(* Let $\Gamma$ be a smooth simple closed curve in $\mathbb R^2$ with arclength parameter $\theta\in[0,\ell)$ and curvature $\kappa(\theta)$, let $M_0>0$ be such that Fermi coordinates $\mathbf y=\gamma(\theta)+t\nu(\theta)$, $|t|<M_0$, are valid, and let $u$ be a (classical) solution of $-\epsilon^2\Delta u+[1+\epsilon^2W(\mathbf y)]u-|u|^2u=0$ in $\mathbb R^2$, written $u=u(t,\theta)$, $W=W(t,\theta)$ in these coordinates. Then for every constant $0<M<M_0$ and every $\theta$, with $\kappa=\kappa(\theta)$: $$\epsilon^2\!\int_{-M}^{M}\!(1+\kappa t)u_t^2\,\mathrm dt+\!\int_{-M}^{M}\!(1+\kappa t)[1+\epsilon^2W]u^2\,\mathrm dt-\!\int_{-M}^{M}\!(1+\kappa t)u^4\,\mathrm dt=\epsilon^2\!\int_{-M}^{M}\!u\,\partial_\theta\Big[\tfrac{\partial_\theta u}{1+\kappa t}\Big]\mathrm dt+\epsilon^2(1+\kappa t)uu_t\Big|_{t=-M}^{M},$$ $$\epsilon^2\!\int_{-M}^{M}\!(1+\kappa t)^2W_tu^2\,\mathrm dt+2\kappa\!\int_{-M}^{M}\!(1+\kappa t)[1+\epsilon^2W]u^2\,\mathrm dt-\kappa\!\int_{-M}^{M}\!(1+\kappa t)u^4\,\mathrm dt$$ $$=-2\epsilon^2\!\int_{-M}^{M}\!(1+\kappa t)u_t\,\partial_\theta\Big[\tfrac{\partial_\theta u}{1+\kappa t}\Big]\mathrm dt-\epsilon^2\big[(1+\kappa t)u_t\big]^2\Big|_{-M}^{M}+(1+\kappa t)^2[1+\epsilon^2W]u^2\Big|_{-M}^{M}-\tfrac12(1+\kappa t)^2|u|^4\Big|_{-M}^{M},$$ and consequently $$2\epsilon^2\kappa\!\int_{-M}^{M}\!(1+\kappa t)u_t^2\,\mathrm dt-\epsilon^2\!\int_{-M}^{M}\!(1+\kappa t)^2W_tu^2\,\mathrm dt-\kappa\!\int_{-M}^{M}\!(1+\kappa t)u^4\,\mathrm dt$$ $$=2\epsilon^2\!\int_{-M}^{M}\!\partial_t\big[(1+\kappa t)u\big]\,\partial_\theta\Big[\tfrac{\partial_\theta u}{1+\kappa t}\Big]\mathrm dt+2\epsilon^2\kappa(1+\kappa t)uu_t\Big|_{-M}^{M}+\epsilon^2\big[(1+\kappa t)u_t\big]^2\Big|_{-M}^{M}-(1+\kappa t)^2[1+\epsilon^2W]u^2\Big|_{-M}^{M}+\tfrac12(1+\kappa t)^2|u|^4\Big|_{-M}^{M}.$$
   Context: $\nu$ is the unit outer normal to $\Gamma$. In Fermi coordinates the Laplacian is $\Delta=\frac{1}{1+\kappa t}\partial_t\big[(1+\kappa t)\partial_t\big]+\frac{1}{1+\kappa t}\partial_\theta\big[\frac{1}{1+\kappa t}\partial_\theta\big]$. *)

theory Defs
  imports "HOL-Analysis.Analysis"
begin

****

Retype each of the preceding records exactly as printed.

# [WRITTEN RESPONSE]
(* Let $\Gamma$ be a smooth simple closed curve in $\mathbb R^2$ with arclength parameter $\theta\in[0,\ell)$ and curvature $\kappa(\theta)$, let $M_0>0$ be such that Fermi coordinates $\mathbf y=\gamma(\theta)+t\nu(\theta)$, $|t|<M_0$, are valid, and let $u$ be a (classical) solution of $-\epsilon^2\Delta u+[1+\epsilon^2W(\mathbf y)]u-|u|^2u=0$ in $\mathbb R^2$, written $u=u(t,\theta)$, $W=W(t,\theta)$ in these coordinates. Then for every constant $0<M<M_0$ and every $\theta$, with $\kappa=\kappa(\theta)$: $$\epsilon^2\!\int_{-M}^{M}\!(1+\kappa t)u_t^2\,\mathrm dt+\!\int_{-M}^{M}\!(1+\kappa t)[1+\epsilon^2W]u^2\,\mathrm dt-\!\int_{-M}^{M}\!(1+\kappa t)u^4\,\mathrm dt=\epsilon^2\!\int_{-M}^{M}\!u\,\partial_\theta\Big[\tfrac{\partial_\theta u}{1+\kappa t}\Big]\mathrm dt+\epsilon^2(1+\kappa t)uu_t\Big|_{t=-M}^{M},$$ $$\epsilon^2\!\int_{-M}^{M}\!(1+\kappa t)^2W_tu^2\,\mathrm dt+2\kappa\!\int_{-M}^{M}\!(1+\kappa t)[1+\epsilon^2W]u^2\,\mathrm dt-\kappa\!\int_{-M}^{M}\!(1+\kappa t)u^4\,\mathrm dt$$ $$=-2\epsilon^2\!\int_{-M}^{M}\!(1+\kappa t)u_t\,\partial_\theta\Big[\tfrac{\partial_\theta u}{1+\kappa t}\Big]\mathrm dt-\epsilon^2\big[(1+\kappa t)u_t\big]^2\Big|_{-M}^{M}+(1+\kappa t)^2[1+\epsilon^2W]u^2\Big|_{-M}^{M}-\tfrac12(1+\kappa t)^2|u|^4\Big|_{-M}^{M},$$ and consequently $$2\epsilon^2\kappa\!\int_{-M}^{M}\!(1+\kappa t)u_t^2\,\mathrm dt-\epsilon^2\!\int_{-M}^{M}\!(1+\kappa t)^2W_tu^2\,\mathrm dt-\kappa\!\int_{-M}^{M}\!(1+\kappa t)u^4\,\mathrm dt$$ $$=2\epsilon^2\!\int_{-M}^{M}\!\partial_t\big[(1+\kappa t)u\big]\,\partial_\theta\Big[\tfrac{\partial_\theta u}{1+\kappa t}\Big]\mathrm dt+2\epsilon^2\kappa(1+\kappa t)uu_t\Big|_{-M}^{M}+\epsilon^2\big[(1+\kappa t)u_t\big]^2\Big|_{-M}^{M}-(1+\kappa t)^2[1+\epsilon^2W]u^2\Big|_{-M}^{M}+\tfrac12(1+\kappa t)^2|u|^4\Big|_{-M}^{M}.$$
   Context: $\nu$ is the unit outer normal to $\Gamma$. In Fermi coordinates the Laplacian is $\Delta=\frac{1}{1+\kappa t}\partial_t\big[(1+\kappa t)\partial_t\big]+\frac{1}{1+\kappa t}\partial_\theta\big[\frac{1}{1+\kappa t}\partial_\theta\big]$. *)

theory Defs
  imports "HOL-Analysis.Analysis"
begin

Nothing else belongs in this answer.